### Collected data
== Segment start ==
lemma scale_fan_out_loss_le:
  assumes "0 < p" and gain: "layer_gains_le max_norm L d W R"
    and input: "max_norm (d 0) x \<le> X0" and X0: "0 \<le> X0" and R: "0 \<le> R"
    and dL: "d L = CARD('o)" and loss: "e (net \<sigma> L d W x) y \<le> S" and "0 \<le> S"
    and l: "l \<in> {1..<L}" and j: "j < d l"
  shows "\<forall>\<^sub>F t in at_right 0. e (net \<sigma> L d (scale_fan_out l j (1 - t) W) x) y - e (net \<sigma> L d W x) y
    \<le> t * (real CARD('o) * fan_in_coeff S X0 R l * (\<Sum>i<d (l - 1). \<bar>W l i j\<bar>)
            * pnorm p (d (Suc l)) (W (Suc l) j))"
proof -
  interpret max_norm_net: normed_network \<sigma> L b1 b2 max_norm
    using max_norm.absolute_norm_axioms by intro_locales
  define A where "A = act_bound b1 X0 R (l - 1)"
  define c0 where "c0 = (b3 S + 1) * real CARD('o) * lip_const X0 R (Suc l) * tail_gain X0 R (Suc l)"
  have act: "\<bar>fwd \<sigma> d W x l j\<bar> \<le> b1 l (A * R) * (A * (\<Sum>i<d (l - 1). \<bar>W l i j\<bar>))"
    using max_norm_net.abs_activation_le_fan_in[OF gain input X0 R, of l j] l j by (simp add: A_def)
  have "0 \<le> c0"
    using b3_nonneg \<open>0 \<le> S\<close> lip_const_pos[OF X0 R, of "Suc l"] tail_gain_nonneg[OF X0 R, of "Suc l"] l
    by (simp add: c0_def)
  then have "c0 * (\<bar>fwd \<sigma> d W x l j\<bar> * max_norm (d (Suc l)) (W (Suc l) j))
      \<le> c0 * (b1 l (A * R) * (A * (\<Sum>i<d (l - 1). \<bar>W l i j\<bar>)) * pnorm p (d (Suc l)) (W (Suc l) j))"
    using act order_trans[OF abs_ge_zero act] max_norm_le_pnorm[OF \<open>0 < p\<close>]
    by (intro mult_left_mono mult_mono) (simp_all add: max_norm_nonneg)
  also have "\<dots> = real CARD('o) * fan_in_coeff S X0 R l * (\<Sum>i<d (l - 1). \<bar>W l i j\<bar>)
      * pnorm p (d (Suc l)) (W (Suc l) j)"
    by (simp add: fan_in_coeff_def c0_def A_def mult_ac)
  finally have coeff: "c0 * (\<bar>fwd \<sigma> d W x l j\<bar> * max_norm (d (Suc l)) (W (Suc l) j))
      \<le> real CARD('o) * fan_in_coeff S X0 R l * (\<Sum>i<d (l - 1). \<bar>W l i j\<bar>) * pnorm p (d (Suc l)) (W (Suc l) j)" .
  have "\<forall>\<^sub>F t in at_right 0. e (net \<sigma> L d (scale_fan_out l j (1 - t) W) x) y - e (net \<sigma> L d W x) y
      \<le> t * (c0 * (\<bar>fwd \<sigma> d W x l j\<bar> * max_norm (d (Suc l)) (W (Suc l) j)))"
  proof -
    have "scale_fan_out l j (1 - t) W m = W m" if "Suc l < m" for t m
      using that by (simp add: scale_fan_out_def)
    moreover have "Suc l \<le> L" using l by simp
    ultimately show ?thesis
      using output_loss_perturbation[OF max_norm.absolute_norm_axioms gain input X0 R dL loss _ _
          max_norm_net.scale_fan_out_change[OF gain input X0 R]] l j
      by (simp add: c0_def mult_ac)
  qed
  with eventually_at_right_less[of 0] show ?thesis
    by eventually_elim (use coeff in \<open>meson mult_left_mono less_imp_le order_trans\<close>)
qed

lemma scale_fan_in_loss_le:
  assumes "0 < p" and gain: "layer_gains_le sum_norm L d W R"
    and input: "sum_norm (d 0) x \<le> X0" and X0: "0 \<le> X0" and R: "0 \<le> R"
    and dL: "d L = CARD('o)" and loss: "e (net \<sigma> L d W x) y \<le> S" and "0 \<le> S"
    and l: "l \<in> {1..<L}" and j: "j < d l"
  shows "\<forall>\<^sub>F t in at_right 0. e (net \<sigma> L d (scale_fan_in l j (1 - t) W) x) y - e (net \<sigma> L d W x) y
    \<le> t * (real CARD('o) * fan_out_coeff S X0 R l * (\<Sum>k<d (Suc l). \<bar>W (Suc l) j k\<bar>)
            * pnorm p (d (l - 1)) (\<lambda>i. W l i j))"
proof -
  interpret sum_norm_net: normed_network \<sigma> L b1 b2 sum_norm
    using sum_norm.absolute_norm_axioms by intro_locales
  define A where "A = act_bound b1 X0 R (l - 1)"
  define P where "P = pnorm p (d (l - 1)) (\<lambda>i. W l i j)"
  define V where "V = (\<Sum>k<d (Suc l). \<bar>W (Suc l) j k\<bar>)"
  define c0 where "c0 = (b3 S + 1) * real CARD('o) * lip_const X0 R (Suc l) * tail_gain X0 R (Suc l)"
  let ?z = "vec_mat (d (l - 1)) (W l) (fwd \<sigma> d W x (l - 1)) j"
  have "\<bar>?z\<bar> \<le> sum_norm (d (l - 1)) (fwd \<sigma> d W x (l - 1)) * P"
    unfolding P_def using \<open>0 < p\<close> by (rule abs_vec_mat_le_sum_norm_pnorm)
  also have "\<dots> \<le> A * P"
    using sum_norm_net.activation_norm_le[OF gain input X0 R, of "l - 1"] l
    by (auto simp: A_def P_def pnorm_nonneg intro: mult_right_mono)
  finally have z: "\<bar>?z\<bar> \<le> A * P" .
  have "0 \<le> c0"
    using b3_nonneg \<open>0 \<le> S\<close> lip_const_pos[OF X0 R, of "Suc l"] tail_gain_nonneg[OF X0 R, of "Suc l"] l
    by (simp add: c0_def)
  then have "c0 * (V * (lip_const X0 R l * \<bar>?z\<bar>)) \<le> c0 * (V * (lip_const X0 R l * (A * P)))"
    using z lip_const_pos[OF X0 R, of l] l by (intro mult_left_mono) (auto simp: V_def sum_nonneg)
  also have "\<dots> = real CARD('o) * fan_out_coeff S X0 R l * V * P"
    by (simp add: fan_out_coeff_def c0_def A_def mult_ac)
  finally have coeff: "c0 * (V * (lip_const X0 R l * \<bar>?z\<bar>)) \<le> real CARD('o) * fan_out_coeff S X0 R l * V * P" .
  have "\<forall>\<^sub>F t in at_right 0. e (net \<sigma> L d (scale_fan_in l j (1 - t) W) x) y - e (net \<sigma> L d W x) y
      \<le> t * (c0 * (V * (lip_const X0 R l * \<bar>?z\<bar>)))"
  proof -
    have "scale_fan_in l j (1 - t) W m = W m" if "Suc l < m" for t m
      using that by (simp add: scale_fan_in_def)
    moreover have "Suc l \<le> L" using l by simp
    ultimately show ?thesis
      using output_loss_perturbation[OF sum_norm.absolute_norm_axioms gain input X0 R dL loss _ _
          sum_norm_net.scale_fan_in_change[OF gain input X0 R l j]]
      by (simp add: c0_def V_def sum_norm_def mult_ac)
  qed
  with eventually_at_right_less[of 0] show ?thesis
    unfolding V_def[symmetric] P_def[symmetric]
    by eventually_elim (use coeff in \<open>meson mult_left_mono less_imp_le order_trans\<close>)
qed

lemma fan_in_lower_bound:
  assumes "0 < lam" and "0 < p"
    and min: "is_local_min (energy \<sigma> e D (Omega_out lam p L) L) L d W"
    and gain: "layer_gains_le max_norm L d W R"
    and input: "\<forall>(x, y)\<in>D. max_norm (d 0) x \<le> X0" and X0: "0 \<le> X0" and R: "0 \<le> R"
    and loss: "\<forall>(x, y)\<in>D. e (net \<sigma> L d W x) y \<le> S" and "0 \<le> S" and dL: "d L = CARD('o)"
    and l: "l \<in> {1..<L}" and j: "j < d l" and fan_out: "k < d (Suc l)" "W (Suc l) j k \<noteq> 0"
  shows "lam \<le> real CARD('o) * fan_in_coeff S X0 R l * (\<Sum>i<d (l - 1). \<bar>W l i j\<bar>)"
proof -
  define P where "P = pnorm p (d (Suc l)) (W (Suc l) j)"
  have "0 < P"
    using abs_le_pnorm[OF \<open>0 < p\<close> fan_out(1), of "W (Suc l) j"] fan_out(2) by (simp add: P_def)
  have reg: "\<forall>\<^sub>F t in at_right 0. Omega_out lam p L d (scale_fan_out l j (1 - t) W)
      \<le> Omega_out lam p L d W - t * (lam * P)"
    using eventually_at_right_0_less_1
    by eventually_elim (use l j \<open>0 < p\<close> in \<open>simp add: Omega_out_scale_fan_out P_def\<close>)
  have increase: "\<forall>\<^sub>F t in at_right 0. e (net \<sigma> L d (scale_fan_out l j (1 - t) W) x) y - e (net \<sigma> L d W x) y
      \<le> t * (real CARD('o) * fan_in_coeff S X0 R l * (\<Sum>i<d (l - 1). \<bar>W l i j\<bar>) * P)"
    if "(x, y) \<in> D" for x y
  proof -
    have "max_norm (d 0) x \<le> X0" and "e (net \<sigma> L d W x) y \<le> S"
      using input loss that by auto
    from scale_fan_out_loss_le[OF \<open>0 < p\<close> gain this(1) X0 R dL this(2) \<open>0 \<le> S\<close> l j]
    show ?thesis by (simp add: P_def)
  qed
  have "lam * P \<le> real CARD('o) * fan_in_coeff S X0 R l * (\<Sum>i<d (l - 1). \<bar>W l i j\<bar>) * P"
    by (rule local_min_first_order[OF finD min tendsto_scale_fan_out[of l j W] reg increase
          mult_pos_pos[OF \<open>0 < lam\<close> \<open>0 < P\<close>]])
  then show ?thesis using \<open>0 < P\<close> by simp
qed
== Segment end ==
### PROBLEM TO WORK ON
Your task is to copy each line of the entries that includes the word "unfolding".

### TASK OUTPUT
    unfolding P_def using \<open>0 < p\<close> by (rule abs_vec_mat_le_sum_norm_pnorm)
    unfolding V_def[symmetric] P_def[symmetric]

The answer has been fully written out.